Researchers are building a forest of tiny nanowire trees in order to cleanly capture solar energy without using fossil fuels and harvest it for hydrogen fuel generation. They are presenting their findings in a poster at Research Expo. The trees’ vertical structure and branches are keys to capturing the maximum amount of solar energy because they grab and adsorb light while flat surfaces simply reflect it. “Hydrogen is considered to be clean fuel compared to fossil fuel because there is no carbon emission, but the hydrogen currently used is not generated cleanly,” said Ke Sun, a Ph.D. student in electrical engineering. The vertical nanotree structure also maximizes hydrogen gas output, where very small gas bubbles of hydrogen can be extracted much faster. Working with Professor Deli Wang, from the Department of Electrical and Computer Engineering, the team’s “3D branched nanowire array” uses a process called photoelectrochemical water-splitting to produce hydrogen gas. “We are working on different materials for the tree trunk, branches and leaves – particularly from cheap, earth-abundant, and chemically robust materials – for low-cost, high efficiency, and practical production of hydrogen fuel,”, said Alireza Kargar, another Ph.D. student in electrical engineering.

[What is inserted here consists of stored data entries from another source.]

(* Let $A\in\mathbb{R}^{n\times n}$, let $s$ be an integer with $1\leq s<d(A)$, and let $v_0\in\mathbb{R}^n$ with $\|v_0\|=1$ and $d(A,v_0)\geq s+1$. Let $\Sigma_*^A$ be the set of limit vectors (accumulation points) of the sequence $\{v_k\}$ of the Arnoldi cross iteration ACI($s$) started at $v_0$. Then: (1) $\Sigma_*^A$ is a closed and connected subset of $\mathbb{R}^n$; (2) $\Sigma_*^A\subseteq\Sigma^A$, and every $v_*\in\Sigma_*^A$ satisfies $v_*=T_{A^T}(T_A(v_* ))$.
   Context: Notation: for $A\in\mathbb{R}^{n\times n}$, $d(A)$ is the degree of the minimal polynomial of $A$, $d(A,v)$ is the grade of $v$ w.r.t. $A$ (degree of the monic polynomial $p$ of smallest degree with $p(A)v=0$), $\mathcal{K}_k(A,v)=\mathrm{span}\{v,Av,\dots,A^{k-1}v\}$, $\mathcal{M}_s$ is the set of real monic polynomials of degree $s$, and $\|\cdot\|$ is the Euclidean norm. For a matrix $B$ and a vector $u$ with $d(B,u)\geq s$, let $P_s(\cdot\,;u)\in\mathcal{M}_s$ (determined w.r.t. $B$) be the unique monic polynomial with $P_s(B;u)u\perp\mathcal{K}_s(B,u)$. The Arnoldi cross iteration ACI($s$) started at $v_0$ is: for $k=0,1,2,\dots$: $\widetilde w_k=P_s(A;v_k)v_k$, $w_k=\widetilde w_k/\|\widetilde w_k\|$, $\widetilde v_{k+1}=P_s(A^T;w_k)w_k$, $v_{k+1}=\widetilde v_{k+1}/\|\widetilde v_{k+1}\|$. Define $\Sigma^A:=\{v\in\mathbb{R}^n:\|v\|=1,\ d(A,v)\geq s+1\}$ and, for unit $v$ with $d(A,v)\geq s+1$, $T_A(v):=P_s(A;v)v/\|P_s(A;v)v\|$; $T_{A^T}$ is defined analogously with $A^T$ in place of $A$. Thus $v_{k+1}=T_{A^T}(T_A(v_k))$. *)

theory Defs
  imports "HOL-Analysis.Analysis" "HOL-Computational_Algebra.Polynomial"
begin

definition krylov_vec :: "real^'n^'n \<Rightarrow> nat \<Rightarrow> real^'n \<Rightarrow> real^'n" where
  "krylov_vec A i v = ((\<lambda>x. A *v x) ^^ i) v"

definition poly_mat_vec :: "real poly \<Rightarrow> real^'n^'n \<Rightarrow> real^'n \<Rightarrow> real^'n" where
  "poly_mat_vec p A v = (\<Sum>i\<le>degree p. coeff p i *\<^sub>R krylov_vec A i v)"

definition monic_polys :: "nat \<Rightarrow> real poly set" where
  "monic_polys s = {p. degree p = s \<and> lead_coeff p = 1}"

definition min_poly_degree :: "real^'n^'n \<Rightarrow> nat" where
  "min_poly_degree A = (LEAST k. \<exists>p\<in>monic_polys k. \<forall>v. poly_mat_vec p A v = 0)"

definition grade :: "real^'n^'n \<Rightarrow> real^'n \<Rightarrow> nat" where
  "grade A v = (LEAST k. \<exists>p\<in>monic_polys k. poly_mat_vec p A v = 0)"

definition krylov_space :: "nat \<Rightarrow> real^'n^'n \<Rightarrow> real^'n \<Rightarrow> (real^'n) set" where
  "krylov_space k A v = span {krylov_vec A i v | i. i < k}"

definition P_poly :: "nat \<Rightarrow> real^'n^'n \<Rightarrow> real^'n \<Rightarrow> real poly" where
  "P_poly s B u = (THE p. p \<in> monic_polys s \<and>
      (\<forall>x\<in>krylov_space s B u. inner (poly_mat_vec p B u) x = 0))"

definition T_map :: "nat \<Rightarrow> real^'n^'n \<Rightarrow> real^'n \<Rightarrow> real^'n" where
  "T_map s A v = (let w = poly_mat_vec (P_poly s A v) A v in w /\<^sub>R norm w)"

definition Sigma_set :: "nat \<Rightarrow> real^'n^'n \<Rightarrow> (real^'n) set" where
  "Sigma_set s A = {v. norm v = 1 \<and> grade A v \<ge> s + 1}"

primrec aci_seq :: "nat \<Rightarrow> real^'n^'n \<Rightarrow> real^'n \<Rightarrow> nat \<Rightarrow> real^'n" where
  "aci_seq s A v0 0 = v0"
| "aci_seq s A v0 (Suc k) = T_map s (transpose A) (T_map s A (aci_seq s A v0 k))"

definition limit_vectors :: "(nat \<Rightarrow> 'a::topological_space) \<Rightarrow> 'a set" where
  "limit_vectors x = {y. \<exists>r. strict_mono r \<and> (x \<circ> r) \<longlonglongrightarrow> y}"

end

theory Submission
  imports Defs
begin

text \<open>For \<open>u\<close> of grade \<open>> s\<close> the vector \<open>P\<^sub>s(B;u)u\<close> is the residual of \<open>B\<^sup>su\<close> orthogonal to
  \<open>K\<^sub>s(B,u)\<close>: the shortest vector \<open>p(B)u\<close> with \<open>p\<close> monic of degree \<open>s\<close>, and (by Gram--Schmidt)
  continuous in \<open>u\<close>. Pairing with the transpose, \<open>\<langle>p(B\<^sup>T)w, u\<rangle> = \<langle>w, p(B)u\<rangle>\<close>, shows that the residual
  norms \<open>\<mu>\<^sub>k = \<parallel>P\<^sub>s(A;v\<^sub>k)v\<^sub>k\<parallel>\<close> and \<open>\<nu>\<^sub>k = \<parallel>P\<^sub>s(A\<^sup>T;w\<^sub>k)w\<^sub>k\<parallel>\<close> interlace,
  \<open>\<mu>\<^sub>k \<le> \<nu>\<^sub>k \<le> \<mu>\<^bsub>k+1\<^esub>\<close>, so being bounded they converge. As \<open>\<langle>v\<^bsub>k+1\<^esub>, v\<^sub>k\<rangle> = \<mu>\<^sub>k / \<nu>\<^sub>k\<close>, the
  steps \<open>\<parallel>v\<^bsub>k+1\<^esub> - v\<^sub>k\<parallel>\<close> tend to zero, and the limit set of a sequence on the unit sphere with
  vanishing steps is closed and connected. Finally \<open>\<mu>\<^sub>k \<ge> \<mu>\<^sub>0 > 0\<close> keeps the limit vectors away
  from the vectors of grade \<open>\<le> s\<close>, where \<open>T\<^bsub>A\<^sup>T\<^esub> \<circ> T\<^sub>A\<close> is continuous, so each limit vector is
  one of its fixed points.\<close>

section \<open>Limit sets of sequences\<close>

lemma limit_vector_frequently_in:
  assumes "y \<in> limit_vectors x" and "open U" and "y \<in> U"
  shows "\<exists>\<^sub>F k in sequentially. x k \<in> U"
proof -
  obtain r where r: "strict_mono r" "(x \<circ> r) \<longlonglongrightarrow> y"
    using assms(1) unfolding limit_vectors_def by blast
  obtain n0 where n0: "\<forall>n\<ge>n0. x (r n) \<in> U"
    using topological_tendstoD[OF r(2) assms(2,3)] by (auto simp: eventually_sequentially)
  show ?thesis
    unfolding frequently_sequentially
  proof
    fix N
    have "N \<le> r (max n0 N)"
      using seq_suble[OF r(1), of "max n0 N"] by simp
    moreover have "x (r (max n0 N)) \<in> U"
      using n0 by simp
    ultimately show "\<exists>k\<ge>N. x k \<in> U"
      by blast
  qed
qed

lemma limit_vectors_iff:
  fixes x :: "nat \<Rightarrow> 'a::metric_space"
  shows "y \<in> limit_vectors x \<longleftrightarrow> (\<forall>e>0. \<exists>\<^sub>F k in sequentially. dist (x k) y < e)"
proof
  assume y: "y \<in> limit_vectors x"
  show "\<forall>e>0. \<exists>\<^sub>F k in sequentially. dist (x k) y < e"
  proof (intro allI impI)
    fix e :: real
    assume "e > 0"
    then have "\<exists>\<^sub>F k in sequentially. x k \<in> ball y e"
      by (intro limit_vector_frequently_in[OF y]) auto
    then show "\<exists>\<^sub>F k in sequentially. dist (x k) y < e"
      by (simp add: dist_commute)
  qed
next
  assume close: "\<forall>e>0. \<exists>\<^sub>F k in sequentially. dist (x k) y < e"
  let ?P = "\<lambda>n k. dist (x k) y < inverse (real (Suc n))"
  have step: "\<exists>k'. ?P (Suc n) k' \<and> k < k'" for n k
  proof -
    have "inverse (real (Suc (Suc n))) > 0"
      by simp
    then have "\<exists>\<^sub>F k' in sequentially. ?P (Suc n) k'"
      using close by blast
    then obtain k' where "Suc k \<le> k'" "?P (Suc n) k'"
      unfolding frequently_sequentially by blast
    then show ?thesis by auto
  qed
  have "\<exists>k. ?P 0 k"
    using frequently_ex[OF close[rule_format, of 1]] by simp
  then have "\<exists>r. \<forall>n. ?P n (r n) \<and> r n < r (Suc n)"
    using step by (rule dependent_nat_choice)
  then obtain r where r: "\<And>n. ?P n (r n)" "\<And>n. r n < r (Suc n)"
    by blast
  have bound: "\<forall>n. dist (x (r n)) y \<le> inverse (real (Suc n))"
    using r(1) less_imp_le by blast
  have "(\<lambda>n. dist (x (r n)) y) \<longlonglongrightarrow> 0"
  proof (rule tendsto_sandwich[OF _ _ tendsto_const LIMSEQ_inverse_real_of_nat])
    show "\<forall>\<^sub>F n in sequentially. 0 \<le> dist (x (r n)) y"
      by (rule always_eventually) simp
    show "\<forall>\<^sub>F n in sequentially. dist (x (r n)) y \<le> inverse (real (Suc n))"
      using bound by (rule always_eventually)
  qed
  then have "(x \<circ> r) \<longlonglongrightarrow> y"
    unfolding o_def by (rule tendsto_dist_iff[THEN iffD2])
  then show "y \<in> limit_vectors x"
    unfolding limit_vectors_def using r(2) strict_mono_Suc_iff by blast
qed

Computer scientists seek to extend life span of non-volatile and solid-state memory technology
Non-volatile, solid-state memories help power many of today’s electronic mobile devices but the technology could hit a wall as early as 2024, Research Expo alumna Laura Grupp said in a recent study that received extensive media coverage. Several posters at Research Expo 2012 explore ways to improve solid-state and non-volatile memories, and to extend the technology’s life span. For example, one poster, from the labs of Computer Science Professors Rajesh Gupta and Steven Swanson, is proposing a new architecture for solid-state drives that would eliminate input-output bottlenecks between devices and make better use of new storage technologies. The fundamental challenge that researchers will need to tackle in the future is that while flash density continues to improve, its reliability, endurance and performance are all declining.